Accounting for Misclassification in Electronic Health Records-derived Exposures Using Generalized Linear Finite Mixture Models
Published in: Health Services and Outcomes Research Methodology, Volume 17, Issue 2 (June 2017), pages 101 - 112. doi: 10.1007/s10742-016-0149-5
Posted on RAND.org on December 07, 2017
Read MoreAccess further information on this document at Health Services and Outcomes Research Methodology
This article was published outside of RAND. The full text of the article can be found at the link above.

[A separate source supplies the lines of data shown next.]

(* Let $M\in\mathbb R^{n\times n}$ be sufficient, $B$ a complementary basis, $i\in B$, and suppose $B'=(B\setminus\{i\})\cup\{\bar i\}$ is a basis (i.e. $A_{\cdot B'}$ is invertible). Then $\mathcal C(B\setminus\{i\})$ is a facet (face of dimension $n-1$) of both $\mathcal C(B)$ and $\mathcal C(B')$, $\mathcal C(B)\cap\mathcal C(B')=\mathcal C(B\setminus\{i\})$, and for every complementary basis $B''\notin\{B,B'\}$ the cone $\mathcal C(B'')$ does not intersect the relative interior of $\mathcal C(B\setminus\{i\})$.
   Context: Let $M\in\mathbb R^{n\times n}$ and $A=[\,I\;\;-M\,]\in\mathbb R^{n\times 2n}$, with columns indexed by $\{1,\dots,2n\}$; for $J\subseteq\{1,\dots,2n\}$, $A_{\cdot J}$ denotes the submatrix of columns indexed by $J$. For $i\in\{1,\dots,2n\}$ the complementary index is $\bar i=i+n$ if $i\le n$ and $\bar i=i-n$ if $i>n$. A set $J$ is complementary if $i\in J$ implies $\bar i\notin J$. A complementary basis is a complementary set $B$ with $|B|=n$ and $A_{\cdot B}$ invertible. For a complementary set $J$, the complementary cone is $\mathcal C(J)=\{A_{\cdot J}\lambda:\lambda\ge 0\}$. $M$ is column sufficient if $[z_i(Mz)_i\le 0\ \forall i]\Rightarrow[z_i(Mz)_i=0\ \forall i]$; row sufficient if $M^T$ is column sufficient; sufficient if both. *)

theory Defs
  imports "HOL-Analysis.Analysis"
begin

text \<open>Columns of A = [I, -M] are indexed by 'n + 'n: Inl i is the i-th column of I,
  Inr i is the i-th column of -M (corresponds to index i+n in the paper).\<close>

definition lcp_col :: "real^'n^'n \<Rightarrow> ('n + 'n) \<Rightarrow> real^'n" where
  "lcp_col M j = (case j of Inl i \<Rightarrow> axis i 1 | Inr i \<Rightarrow> - column i M)"

definition compl_idx :: "('n + 'n) \<Rightarrow> ('n + 'n)" where
  "compl_idx j = (case j of Inl i \<Rightarrow> Inr i | Inr i \<Rightarrow> Inl i)"

definition complementary :: "('n + 'n) set \<Rightarrow> bool" where
  "complementary J \<longleftrightarrow> (\<forall>j\<in>J. compl_idx j \<notin> J)"

text \<open>A_{.B} invertible: |B| = n and the square matrix whose columns are the columns of A
  indexed by B (in some ordering) is invertible.\<close>
definition is_basis :: "real^'n^'n \<Rightarrow> ('n + 'n) set \<Rightarrow> bool" where
  "is_basis M B \<longleftrightarrow> (\<exists>f. bij_betw f (UNIV :: 'n set) B \<and>
      invertible ((\<chi> r k. lcp_col M (f k) $ r) :: real^'n^'n))"

definition compl_basis :: "real^'n^'n \<Rightarrow> ('n + 'n) set \<Rightarrow> bool" where
  "compl_basis M B \<longleftrightarrow> complementary B \<and> is_basis M B"

definition compl_cone :: "real^'n^'n \<Rightarrow> ('n + 'n) set \<Rightarrow> (real^'n) set" where
  "compl_cone M J = {(\<Sum>j\<in>J. l j *\<^sub>R lcp_col M j) | l. \<forall>j\<in>J. l j \<ge> 0}"

definition column_sufficient :: "real^'n^'n \<Rightarrow> bool" where
  "column_sufficient M \<longleftrightarrow> (\<forall>z::real^'n.
     (\<forall>i. z $ i * (M *v z) $ i \<le> 0) \<longrightarrow> (\<forall>i. z $ i * (M *v z) $ i = 0))"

Exposures derived from electronic health records (EHR) may be misclassified, leading to biased estimates of their association with outcomes of interest. An example of this problem arises in the context of cancer screening where test indication, the purpose for which a test was performed, is often unavailable. This poses a challenge to understanding the effectiveness of screening tests because estimates of screening test effectiveness are biased if some diagnostic tests are misclassified as screening. Prediction models have been developed for a variety of exposure variables that can be derived from EHR, but no previous research has investigated appropriate methods for obtaining unbiased association estimates using these predicted probabilities. The full likelihood incorporating information on both the predicted probability of exposure-class membership and the association between the exposure and outcome of interest can be expressed using a finite mixture model. When the regression model of interest is a generalized linear model (GLM), the expectation–maximization algorithm can be used to estimate the parameters using standard software for GLMs. Using simulation studies, we compared the bias and efficiency of this mixture model approach to alternative approaches including multiple imputation and dichotomization of the predicted probabilities to create a proxy for the missing predictor. The mixture model was the only approach that was unbiased across all scenarios investigated. Finally, we explored the performance of these alternatives in a study of colorectal cancer screening with colonoscopy. These findings have broad applicability in studies using EHR data where gold-standard exposures are unavailable and prediction models have been developed for estimating proxies.